If I gave the code Age = 1 then ran it I got the following results:

Local  = 0.0010370292068795884059
Thread = 0.0010370292068795879722

What gives? There is nothing in here that should be different in a thread. I am not passing in anything but an int with the value of 1. I edited the code to make dA50 and dAto95 local variables to remove any potential race conditions or thread wonkiness and still had the same error in output. Everything was initialized within the same function and the only external value was an Integer. Weird….

Compiler bug? But how…

Looking at the code, the only things that could create the bug were the operators and pow() call. These are part of the C++ standard offering so it’s highly unlikely that either of these would have an error. What next? Off to GodBolt to try some other compilers to see if I get wonky results on them. MSVC++… nope, Clang… nope, GCC-Trunk on Linux… nope. I am only getting this weird behaviour in TDM-GCC. Time to try some other MingW64 compilers. Nuwen… Yes, Mingw64.. yes, TDM-GCC… yes.

Confirmed: It’s a bug in MinGW64.

When I create a new thread and run floating point operations in that thread, I get slightly different answers.

Getting it fixed.. well soon…

Off to SourceForge I went to log a bug. After waiting a month and getting no response I jumped on IRC to ask the same question. Within 24 hours my issue had a comment indicating that it had been fixed. This had not yet picked up by any of the pre-built distributions.

New threads were not calling _fpreset() when they were constructed, which “reinitializes the floating-point math package”. This would mean that the default values used within floating point arithmetic would be slightly different when you were inside a thread.

As there have not been any downstream versions of MinGW64 that have this fix, I have had to resort to calling _fpreset() within the threads myself. A dirty but, but effective fix.

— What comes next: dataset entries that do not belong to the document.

definition fhat :: "(real^'r^'d1 \<Rightarrow> 'y \<Rightarrow> real) \<Rightarrow> real \<Rightarrow> real \<Rightarrow> real^'r^'d1 \<Rightarrow> 'y \<Rightarrow> real^'r^'d1 \<Rightarrow> real" where
  "fhat f \<rho> p x y z = ftilde f \<rho> x y + p / 2 * (norm (x - z))\<^sup>2"

text \<open>Phi(x;z) = max over y of fhat_r(x,y;z); since h = +oo off Ydom this is a sup over Ydom.\<close>
definition Phi :: "(real^'r^'d1 \<Rightarrow> 'y \<Rightarrow> real) \<Rightarrow> ('y \<Rightarrow> real) \<Rightarrow> 'y set \<Rightarrow> real \<Rightarrow> real \<Rightarrow> real^'r^'d1 \<Rightarrow> real^'r^'d1 \<Rightarrow> real" where
  "Phi f h Ydom \<rho> p x z = (SUP y\<in>Ydom. fhat f \<rho> p x y z - h y)"

definition prox_obj :: "('y::real_normed_vector \<Rightarrow> real) \<Rightarrow> real \<Rightarrow> 'y \<Rightarrow> 'y \<Rightarrow> real" where
  "prox_obj h \<tau> v y = \<tau> * h y + 1/2 * (norm (y - v))\<^sup>2"

end

theory Submission
  imports Defs
begin

(* Since the partial gradient of f~ in x is l-Lipschitz, fhat(., y; z) = f~(., y) + p/2 |. - z|^2
  is (p - l)-strongly convex on the ball X, and so is Phi(.; z) as a supremum of such functions.
  Quadratic growth of Phi at its minimiser x*(z), together with x+ = x*(y+, z) being a best
  response, bounds (p - l)/2 |x+ - x*(z)|^2 by the dual gap max_w f_r(A x+, w) - f_r(A x+, y+),
  and (A3) bounds that gap by the distance of grad_y f(A x+, y+) to the subdifferential of h at y+.
  The prox step provides the subgradient (y_t + tau2 grad_y f~(x_t, y_t) - y+) / tau2, whose
  distance to grad_y f(A x+, y+) = grad_y f~(x+, y+) is at most
  |y+ - y_t| / tau2 + l |x+ - x_t| + l |y+ - y_t|. Finally, strong convexity makes best responses
  Lipschitz: (p - l) |x+ - x_t| <= l |y+ - y_t|. *)

lemma has_derivative_partials:
  fixes F :: "'a::real_inner \<Rightarrow> 'b::real_inner \<Rightarrow> real"
  assumes "((\<lambda>(x, y). F x y) has_derivative (\<lambda>(dx, dy). inner G dx + inner H dy)) (at (x, y))"
  shows "((\<lambda>x. F x y) has_derivative inner G) (at x)"
    and "((\<lambda>y. F x y) has_derivative inner H) (at y)"
proof -
  have "((\<lambda>(x, y). F x y) \<circ> (\<lambda>x. (x, y)) has_derivative
          (\<lambda>(dx, dy). inner G dx + inner H dy) \<circ> (\<lambda>d. (d, 0))) (at x)"
    by (intro diff_chain_at assms) (auto intro!: derivative_eq_intros)
  then show "((\<lambda>x. F x y) has_derivative inner G) (at x)"
    by (simp add: o_def)
  have "((\<lambda>(x, y). F x y) \<circ> (\<lambda>y. (x, y)) has_derivative
          (\<lambda>(dx, dy). inner G dx + inner H dy) \<circ> (\<lambda>d. (0, d))) (at y)"
    by (intro diff_chain_at assms) (auto intro!: derivative_eq_intros)
  then show "((\<lambda>y. F x y) has_derivative inner H) (at y)"
    by (simp add: o_def)
qed

lemma has_real_derivative_along_line:
  assumes "(F has_derivative inner G) (at (a + s *\<^sub>R (b - a)))"
  shows "((\<lambda>s. F (a + s *\<^sub>R (b - a))) has_real_derivative inner G (b - a)) (at s)"
proof -
  have "(F \<circ> (\<lambda>s. a + s *\<^sub>R (b - a)) has_derivative inner G \<circ> (\<lambda>s. s *\<^sub>R (b - a))) (at s)"
    by (intro diff_chain_at assms) (auto intro!: derivative_eq_intros)
  then show ?thesis
    by (simp add: has_field_derivative_def o_def mult_commute_abs)
qed

lemma convex_on_add_norm_sq_if_lipschitz_gradient:
  fixes F :: "'a::real_inner \<Rightarrow> real"
  assumes X: "convex X"
    and F: "\<And>x. x \<in> X \<Longrightarrow> (F has_derivative inner (G x)) (at x)"
    and G: "\<And>x y. x \<in> X \<Longrightarrow> y \<in> X \<Longrightarrow> norm (G x - G y) \<le> l * norm (x - y)"
  shows "convex_on X (\<lambda>x. F x + l / 2 * (norm x)\<^sup>2)"
proof (rule convex_onI[OF _ X])
  fix t :: real and a b assume t: "0 < t" "t < 1" and ab: "a \<in> X" "b \<in> X"
  define x where "x s = a + s *\<^sub>R (b - a)" for s
  define \<phi> where "\<phi> s = F (x s) + l / 2 * (norm (x s))\<^sup>2" for s
  define \<phi>' where "\<phi>' s = inner (G (x s)) (b - a) + l * inner (x s) (b - a)" for s
  have xX: "x s \<in> X" if "s \<in> {0..1}" for s
    using convexD_alt[OF X ab, of s] that by (simp add: x_def algebra_simps)
  have "convex_on {0..1} \<phi>"
  proof (rule convex_on_realI[where f' = \<phi>'])
    fix s :: real assume "s \<in> {0..1}"
    then have "((\<lambda>s. F (x s)) has_real_derivative inner (G (x s)) (b - a)) (at s)"
      unfolding x_def by (intro has_real_derivative_along_line F) (use xX x_def in auto)
    then show "(\<phi> has_real_derivative \<phi>' s) (at s)"
      unfolding \<phi>_def \<phi>'_def power2_norm_eq_inner
      by (auto intro!: derivative_eq_intros simp: x_def inner_commute algebra_simps)
  next
    fix s u :: real assume su: "s \<in> {0..1}" "u \<in> {0..1}" "s \<le> u"
    have step: "x u - x s = (u - s) *\<^sub>R (b - a)"
      by (simp add: x_def algebra_simps)
    have "inner (G (x s) - G (x u)) (b - a) \<le> norm (G (x u) - G (x s)) * norm (b - a)"
      using norm_cauchy_schwarz by (metis norm_minus_commute)
    also have "\<dots> \<le> l * norm (x u - x s) * norm (b - a)"
      using G[OF xX xX, OF su(2,1)] by (simp add: mult_right_mono)
    also have "\<dots> = l * (u - s) * inner (b - a) (b - a)"
      using su(3) by (simp add: step power2_eq_square flip: power2_norm_eq_inner)
    finally show "\<phi>' s \<le> \<phi>' u"
      by (simp add: \<phi>'_def x_def algebra_simps)
  qed simp
  from convex_onD[OF this, of t 0 1] t
  show "F ((1 - t) *\<^sub>R a + t *\<^sub>R b) + l / 2 * (norm ((1 - t) *\<^sub>R a + t *\<^sub>R b))\<^sup>2
      \<le> (1 - t) * (F a + l / 2 * (norm a)\<^sup>2) + t * (F b + l / 2 * (norm b)\<^sup>2)"
    by (simp add: \<phi>_def x_def algebra_simps)
qed

definition strongly_convex_on :: "'a::real_inner set \<Rightarrow> real \<Rightarrow> ('a \<Rightarrow> real) \<Rightarrow> bool" where
  "strongly_convex_on S m F \<longleftrightarrow> convex_on S (\<lambda>x. F x - m / 2 * (norm x)\<^sup>2)"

All n all. I spent around 5 days chasing this bug through my code. I generated Gigabytes of log files and had to get down to the precision of 7.5 grains of sand on the planet Earth. The compiler missing a key function call turned out to be the cause of the issue. Many times, while trying to find the root cause I found myself questioning my ability to write code, diagnose bugs and remain sane. I’m glad I found an answer and have a way forward.

When the code was tested with an AMD 5950X and 32 threads, solving a model went from 23.5 hours to 90 minutes. This was a substantial improvement and this work alone provides significant new opportunities for iterating through models when developing scientific reports.